Sure they can. The bond is for payroll and benefits. The local proved they were owed the money and collected on the bond. Bonds are required to protect the members and the local.

Charlie


----------



## RIVETER (Sep 26, 2009)

I probably would not quit as long as I was getting a paycheck.


----------



## dawgs (Dec 1, 2007)

Let the hall hash it out with the contractor. Your job is to keep on gettin it for the contractor until you here otherwise.


----------



## Brother Noah1 (Mar 23, 2010)

Bob Badger said:


> You really think you are some sort of saviour. :no:


 Thank you for asking Bob, the answer is no but I do have enough human compassion that I will help those who ask or maybe in need.


----------



## Flyinlab (Aug 9, 2010)

I don't want to leave this job. It is a good job. I have been with this guy for 8 years and have never had a problem before. I have work lined up and more to come. So, leaving would shoot myself in the foot. Not to mention I will be out of work for a while. I just don't want it to get out of control. The contractor is in violation of the collective bargaining agreement. He is suppose to be bonded. I am hoping get it all figured out. I would hate to loose a year round job, especially in this economy.


----------



## Flyinlab (Aug 9, 2010)

Well, It is official. Got the word today. The hall is pulling me from the job. Friday is going to be my last day:icon_cry:


----------



## Charlie K (Aug 14, 2008)

Sorry to hear that. Do you know if another contractor is going to finish up your companies work? A lot of times they will just on the crew at least until the jobs done. I went through this 5 summers ago. At the time the Hall pulled the men I was on light duty, recovering from a broken knee. The Hall called the men in and they went right back out for the contractors taking over the work.
Good luck.

Charlie


----------



## splitphase (Jan 8, 2009)

Flyinlab said:


> Well, It is official. Got the word today. The hall is pulling me from the job. Friday is going to be my last day:icon_cry:


 
Your location says NY. I dont know if that is nyc, li, or upstate, but if you are on LI, they can re-hire you when ever they want by name, no matter what your position is on the list, as long as they hire you as a foreman..... And this does not mean you have to work as a foreman, you just have to be paid the foremans scale which is only one dollar and a stinking couple cents above jmns scale, and it's all good.



In our recent contract negotiations neca and our contractors want employee call-back by name..... So they can hire any employee back, from anywhere on the list they want, whenever they want. Is'nt that a beatufiul thing????


----------



## Flyinlab (Aug 9, 2010)

I am up in in 363 just north of NYC and yes they can call me back and pay me foreman scale if they straighten their finances out. They owe the hall a lot of $$$$$. As of right don't see how that can happen since he can't get a bond.

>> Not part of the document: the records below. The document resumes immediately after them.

lemma polyfun_power: "polyfun q I (f :: 'a vec \<Rightarrow> 'a) \<Longrightarrow> polyfun q I (\<lambda>v. f v ^ k)"
  by (induction k) (auto intro: polyfun.pmult polyfun.pconst Fq_1)

lemma polyfun_frob_vec:
  "polyfun q I (f :: 'a vec \<Rightarrow> 'a) \<Longrightarrow> (\<And>i. i \<in> I \<Longrightarrow> i < dim_vec x) \<Longrightarrow>
     f (frob_vec k x) = f x ^ q ^ k"
  by (induction rule: polyfun.induct)
    (auto simp: frob_vec_def Fq_power_q_power power_q_power_add power_mult_distrib)

lemma polyfun_poly:
  "(\<And>i. Polynomial.coeff P i \<in> Fq q) \<Longrightarrow> j \<in> I \<Longrightarrow> polyfun q I (\<lambda>x. poly (P :: 'a poly) (x $ j))"
proof (induction P rule: pCons_induct)
  case 0
  then show ?case
    using polyfun.pconst[OF Fq_0] by simp
next
  case (pCons a P)
  have "a \<in> Fq q" and "\<And>i. Polynomial.coeff P i \<in> Fq q"
    using pCons.prems(1)[of 0] pCons.prems(1)[of "Suc _"] by simp_all
  then have "polyfun q I (\<lambda>x. (\<lambda>_. a) x + (\<lambda>x. x $ j) x * poly P (x $ j))"
    using pCons by (intro polyfun.intros) auto
  then show ?case
    by simp
qed

text \<open>The values at \<open>v\<close> of polynomial functions form a subfield containing \<open>\<F>\<^sub>q\<close> and
  \<open>v $ j\<close>; inverses are powers.\<close>

lemma polyfun_attains:
  assumes gen: "gen_field q {v $ j} = (UNIV :: 'a set)" and j: "j \<in> I"
  shows "\<exists>g. polyfun q I g \<and> g v = a"
proof -
  define S where "S = {g v | g. polyfun q I g}"
  have attained: "g v \<in> S" if "polyfun q I g" for g
    unfolding S_def using that by blast
  have "is_subfield S"
    unfolding is_subfield_def
  proof (intro conjI ballI impI)
    show "0 \<in> S" "1 \<in> S"
      using attained[OF polyfun.pconst[OF Fq_0]] attained[OF polyfun.pconst[OF Fq_1]] by simp_all
  next
    fix x y assume "x \<in> S" "y \<in> S"
    then obtain f g where "polyfun q I f" "x = f v" "polyfun q I g" "y = g v"
      unfolding S_def by blast
    then show "x + y \<in> S" "x * y \<in> S"
      using attained[OF polyfun.padd] attained[OF polyfun.pmult] by simp_all
  next
    fix x assume "x \<in> S"
    then obtain f where f: "polyfun q I f" "x = f v"
      unfolding S_def by blast
    then show "- x \<in> S"
      using attained[OF polyfun_uminus] by simp
    assume "x \<noteq> 0"
    then show "inverse x \<in> S"
      using f attained[OF polyfun_power] by (simp add: inverse_eq_power_card_minus_2)
  qed
  moreover have "Fq q \<subseteq> S" "v $ j \<in> S"
    using attained[OF polyfun.pconst] attained[OF polyfun.pvar[OF j]] by auto
  ultimately have "gen_field q {v $ j} \<subseteq> S"
    unfolding gen_field_def by blast
  then have "a \<in> S"
    using gen by blast
  then show ?thesis
    unfolding S_def by auto
qed

lemma map_poly_power_q_mult:
  "map_poly (\<lambda>x. x ^ q) (p * p') = map_poly (\<lambda>x. x ^ q) p * map_poly (\<lambda>x. x ^ q) (p' :: 'a poly)"
proof -
  have "(sum f A) ^ q = (\<Sum>i\<in>A. f i ^ q)" for f :: "nat \<Rightarrow> 'a" and A
    using power_q_power_sum[of f A 1] by simp
  then show ?thesis
    using q_pos
    by (intro poly_eqI) (simp add: Polynomial.coeff_map_poly Polynomial.coeff_mult power_mult_distrib)
qed

lemma coeff_in_Fq_if_map_poly_power_q:
  "map_poly (\<lambda>x. x ^ q) p = (p :: 'a poly) \<Longrightarrow> Polynomial.coeff p i \<in> Fq q"
  using q_pos Polynomial.coeff_map_poly[of "\<lambda>x. x ^ q" p i] by (simp add: Fq_def)

text \<open>The polynomial \<open>\<Prod>\<^sub>k (X - c\<^bsup>q\<^sup>k\<^esup>)\<close> is fixed by the Frobenius, hence has coefficients
  in \<open>\<F>\<^sub>q\<close>.\<close>

lemma polyfun_conjugates_prod:
  fixes c :: 'a
  assumes "j \<in> I"
  shows "polyfun q I (\<lambda>x. \<Prod>k<m. x $ j - c ^ q ^ k)"
proof -
  define g where "g k = [:- (c ^ q ^ k), 1:]" for k
  have frob_g: "map_poly (\<lambda>x. x ^ q) (g k) = g (Suc k)" for k
    using q_pos power_q_power_uminus[of "c ^ q ^ k" 1] power_q_power_power_q_power[of c k 1]
    by (simp add: g_def map_poly_pCons)
  have frob_prod: "map_poly (\<lambda>x. x ^ q) (\<Prod>k<K. g k) = (\<Prod>k<K. g (Suc k))" for K
    by (induction K) (simp_all add: map_poly_1' map_poly_power_q_mult frob_g)
  obtain m' where m': "m = Suc m'"
    using m_pos gr0_implies_Suc by blast
  have "g m = g 0"
    using power_q_power_m_mult[of c 1] by (simp add: g_def)
  have "map_poly (\<lambda>x. x ^ q) (\<Prod>k<m. g k) = (\<Prod>k<m'. g (Suc k)) * g m"
    unfolding frob_prod m' by (rule prod.lessThan_Suc)
  also have "\<dots> = (\<Prod>k<m. g k)"
    using \<open>g m = g 0\<close> unfolding m' prod.lessThan_Suc_shift by (simp add: mult.commute)
  finally have "map_poly (\<lambda>x. x ^ q) (\<Prod>k<m. g k) = (\<Prod>k<m. g k)" .
  then have "polyfun q I (\<lambda>x. poly (\<Prod>k<m. g k) (x $ j))"
    using polyfun_poly coeff_in_Fq_if_map_poly_power_q assms by blast
  then show ?thesis
    by (simp add: g_def poly_prod)
qed

end

section \<open>Elementary tame maps\<close>

definition perm_mat :: "nat \<Rightarrow> (nat \<Rightarrow> nat) \<Rightarrow> 'a::field mat" where
  "perm_mat n \<sigma> = mat n n (\<lambda>(j, k). if k = \<sigma> j then 1 else 0)"

lemma perm_mat_mult_vec:
  assumes \<sigma>: "\<And>j. j < n \<Longrightarrow> \<sigma> j < n" and x: "x \<in> carrier_vec n"
  shows "perm_mat n \<sigma> *\<^sub>v x = vec n (\<lambda>j. x $ \<sigma> j)"
proof (rule eq_vecI)
  fix j assume "j < dim_vec (vec n (\<lambda>j. x $ \<sigma> j))"
  then have j: "j < n"
    by simp
  have "(perm_mat n \<sigma> *\<^sub>v x) $ j = (\<Sum>k = 0..<n. (if k = \<sigma> j then 1 else 0) * x $ k)"
    using j x by (simp add: perm_mat_def scalar_prod_def)
  also have "\<dots> = (\<Sum>k = 0..<n. if k = \<sigma> j then x $ k else 0)"
    by (rule sum.cong) auto
  also have "\<dots> = x $ \<sigma> j"
    using \<sigma>[OF j] by simp
  finally show "(perm_mat n \<sigma> *\<^sub>v x) $ j = vec n (\<lambda>j. x $ \<sigma> j) $ j"
    using j by simp
qed (simp add: perm_mat_def)

lemma perm_mat_involution_square:
  assumes \<sigma>: "\<And>j. j < n \<Longrightarrow> \<sigma> j < n \<and> \<sigma> (\<sigma> j) = j"
  shows "perm_mat n \<sigma> * perm_mat n \<sigma> = (1\<^sub>m n :: 'a::field mat)"
proof (rule eq_matI)
  fix j k assume "j < dim_row (1\<^sub>m n :: 'a mat)" "k < dim_col (1\<^sub>m n :: 'a mat)"
  then have jk: "j < n" "k < n"
    by auto
  have "(perm_mat n \<sigma> * perm_mat n \<sigma>) $$ (j, k) =
      (\<Sum>l = 0..<n. (if l = \<sigma> j then 1 else 0) * (if k = \<sigma> l then 1 else (0::'a)))"
    using jk by (simp add: perm_mat_def scalar_prod_def)
  also have "\<dots> = (\<Sum>l = 0..<n. if l = \<sigma> j then (if k = \<sigma> l then 1 else 0) else (0::'a))"
    by (rule sum.cong) auto
  also have "\<dots> = (if k = j then 1 else 0)"
    using \<sigma>[OF jk(1)] by simp
  finally show "(perm_mat n \<sigma> * perm_mat n \<sigma>) $$ (j, k) = (1\<^sub>m n :: 'a mat) $$ (j, k)"
    using jk by simp
qed (auto simp: perm_mat_def)

lemma det_perm_mat_involution:
  assumes "\<And>j. j < n \<Longrightarrow> \<sigma> j < n \<and> \<sigma> (\<sigma> j) = j"
  shows "det (perm_mat n \<sigma> :: 'a::field mat) \<noteq> 0"
proof -
  have "det (perm_mat n \<sigma> * perm_mat n \<sigma> :: 'a mat) = det (perm_mat n \<sigma>) * det (perm_mat n \<sigma>)"
    by (rule det_mult) (auto simp: perm_mat_def)
  then have "det (perm_mat n \<sigma> :: 'a mat) * det (perm_mat n \<sigma>) = 1"
    by (simp add: perm_mat_involution_square[OF assms])
  then show ?thesis
    by (metis mult_zero_left zero_neq_one)
qed

lemma update_vec_carrier [simp]: "v \<in> carrier_vec n \<Longrightarrow> v |\<^sub>v i \<mapsto> a \<in> carrier_vec n"
  by (metis carrier_vecD carrier_vecI dim_update_vec)

definition transposition_map :: "nat \<Rightarrow> nat \<Rightarrow> 'a::field vec \<Rightarrow> 'a vec" where
  "transposition_map n i x = perm_mat n (Transposition.transpose 0 i) *\<^sub>v x + 0\<^sub>v n"

definition shift_first :: "nat \<Rightarrow> ('a vec \<Rightarrow> 'a) \<Rightarrow> 'a::field vec \<Rightarrow> 'a vec" where
  "shift_first n g = (\<lambda>x. vec n (\<lambda>j. 1 * x $ j + (if j = 0 then g x else 0)))"

text \<open>Triangular maps can only shift \<open>X\<^sub>0\<close> by a polynomial in the other variables, so
  \<open>X\<^sub>i \<mapsto> X\<^sub>i + g\<close> is obtained by conjugating with the transposition of \<open>X\<^sub>0\<close> and \<open>X\<^sub>i\<close>.\<close>

definition elementary_map :: "nat \<Rightarrow> nat \<Rightarrow> ('a vec \<Rightarrow> 'a) \<Rightarrow> 'a::field vec \<Rightarrow> 'a vec" where
  "elementary_map n i g = transposition_map n i \<circ>
     shift_first n (\<lambda>y. g (vec n (\<lambda>j. y $ Transposition.transpose 0 i j))) \<circ> transposition_map n i"

lemma elementary_map_apply:
  assumes x: "x \<in> carrier_vec n" and i: "i < n"
  shows "elementary_map n i g x = x |\<^sub>v i \<mapsto> x $ i + g x"
proof -
  let ?s = "Transposition.transpose 0 i"
  have s_lt: "?s j < n" if "j < n" for j
    using that i by (simp add: transpose_def)
  have swap: "transposition_map n i y = vec n (\<lambda>j. y $ ?s j)" if "y \<in> carrier_vec n" for y
    using perm_mat_mult_vec[OF s_lt that] by (simp add: transposition_map_def)
  have unswap: "vec n (\<lambda>j. vec n (\<lambda>j. x $ ?s j) $ ?s j) = x"
    using x s_lt by (intro eq_vecI) auto
  have shifted: "shift_first n (\<lambda>y. g (vec n (\<lambda>j. y $ ?s j))) (vec n (\<lambda>j. x $ ?s j)) =
      vec n (\<lambda>j. x $ ?s j + (if j = 0 then g x else 0))"
    unfolding shift_first_def unswap by (intro eq_vecI) simp_all
  have "elementary_map n i g x = vec n (\<lambda>j. x $ ?s (?s j) + (if ?s j = 0 then g x else 0))"
    using x s_lt by (intro eq_vecI) (simp_all add: elementary_map_def swap shifted)
  also have "\<dots> = x |\<^sub>v i \<mapsto> x $ i + g x"
    using x i by (intro eq_vecI) (auto simp: transpose_def)
  finally show ?thesis .
qed

context Fq_extension
begin

lemma tame_transposition_map:
  assumes "i < n"
  shows "tame q n (transposition_map n i :: 'a vec \<Rightarrow> 'a vec)"
proof -
  have "det (perm_mat n (Transposition.transpose 0 i) :: 'a mat) \<noteq> 0"
    using assms by (intro det_perm_mat_involution) (simp add: transpose_def)
  then show ?thesis
    unfolding transposition_map_def[abs_def]
    by (intro tame.affine) (auto simp: perm_mat_def Fq_0 Fq_1)
qed

lemma tame_shift_first:
  assumes "polyfun q {1..<n} (g :: 'a vec \<Rightarrow> 'a)"
  shows "tame q n (shift_first n g)"
proof -
  have "polyfun q {Suc j..<n} (\<lambda>x. if j = 0 then g x else 0)" for j
    using assms by (cases "j = 0") (auto intro: polyfun.pconst Fq_0)
  then show ?thesis
    unfolding shift_first_def by (intro tame.triangular) (simp add: Fq_1)
qed

lemma tame_elementary_map:
  assumes i: "i < n" and g: "polyfun q ({..<n} - {i}) (g :: 'a vec \<Rightarrow> 'a)"
  shows "tame q n (elementary_map n i g)"
proof -
  have "polyfun q (Transposition.transpose 0 i ` ({..<n} - {i}))
      (\<lambda>y. g (vec n (\<lambda>j. y $ Transposition.transpose 0 i j)))"
    by (rule polyfun_reindex[OF g]) auto
  moreover have "Transposition.transpose 0 i ` ({..<n} - {i}) \<subseteq> {1..<n}"
    using i by (auto simp: transpose_def)
  ultimately show ?thesis
    unfolding elementary_map_def
    by (intro tame.comp tame_transposition_map tame_shift_first i) (rule polyfun_mono)
qed

section \<open>Separating points by polynomials\<close>

definition separates :: "nat set \<Rightarrow> 'a vec \<Rightarrow> 'a vec \<Rightarrow> bool" where
  "separates I v u \<longleftrightarrow> (\<exists>h. polyfun q I h \<and> h v = 1 \<and> h u = 0)"

lemma separates_mono: "separates I v u \<Longrightarrow> I \<subseteq> J \<Longrightarrow> separates J v u"
  unfolding separates_def using polyfun_mono by blast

I don't know who is going to finish his jobs since my foreman was another one of the men that was called back to the hall and I was his service division. I did all the service work for them, so essentially the close him down. He still has about 9 more guys on various jobs but they will be pull 4 a week unless the contractor pays his bills


----------



## dawgs (Dec 1, 2007)

How far behind is he? Has he not been paid from some jobs? Or did he lose big on a job.


----------



## Flyinlab (Aug 9, 2010)

dawgs said:


> How far behind is he? Has he not been paid from some jobs? Or did he lose big on a job.

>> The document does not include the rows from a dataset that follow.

lemma ex_ord_greatest:
  assumes "finite K" "K \<noteq> {}"
  shows "\<exists>m\<in>K. \<forall>k\<in>K. ord k m"
  using assms
proof (induction K rule: finite_ne_induct)
  case (singleton x)
  then show ?case using ord_refl by simp
next
  case (insert x F)
  then obtain m where m: "m \<in> F" "\<forall>k\<in>F. ord k m" by blast
  show ?case
  proof (cases "ord m x")
    case True
    then show ?thesis using m ord_refl ord_trans by blast
  next
    case False
    then show ?thesis using m ord_linear by blast
  qed
qed

lemma lm_eqI:
  assumes "m \<in> Poly_Mapping.keys f" "\<And>k. k \<in> Poly_Mapping.keys f \<Longrightarrow> ord k m"
  shows "lm ord f = m"
  unfolding lm_def using assms ord_antisym by (intro the_equality) blast+

lemma lm_in_keys_and_greatest:
  assumes "f \<noteq> 0"
  shows "lm ord f \<in> Poly_Mapping.keys f \<and> (\<forall>k\<in>Poly_Mapping.keys f. ord k (lm ord f))"
proof -
  obtain m where "m \<in> Poly_Mapping.keys f" "\<forall>k\<in>Poly_Mapping.keys f. ord k m"
    using ex_ord_greatest[of "Poly_Mapping.keys f"] assms by auto
  moreover from this have "lm ord f = m" by (intro lm_eqI) auto
  ultimately show ?thesis by simp
qed

lemma lm_in_keys: "f \<noteq> 0 \<Longrightarrow> lm ord f \<in> Poly_Mapping.keys f"
  using lm_in_keys_and_greatest by blast

lemma ord_lm: "k \<in> Poly_Mapping.keys f \<Longrightarrow> ord k (lm ord f)"
  using lm_in_keys_and_greatest[of f] by fastforce

lemma lc_nonzero: "f \<noteq> 0 \<Longrightarrow> lc ord f \<noteq> 0"
  using lm_in_keys unfolding lc_def by (simp add: in_keys_iff)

2 yrs ago he lost 2 mil on a prison job and 1 mil on a grocery store. He has been trying to play catch up. He is currently a little more than 1/2 mil in the hole


----------



## dawgs (Dec 1, 2007)

Thats a lot to catch up on. Is he not a good estimator or what.


----------



## Flyinlab (Aug 9, 2010)

No apparently his estimator sucks. Oh, did I mention it is his brother-in-law


----------



## dawgs (Dec 1, 2007)

Hope he still dont work there.


----------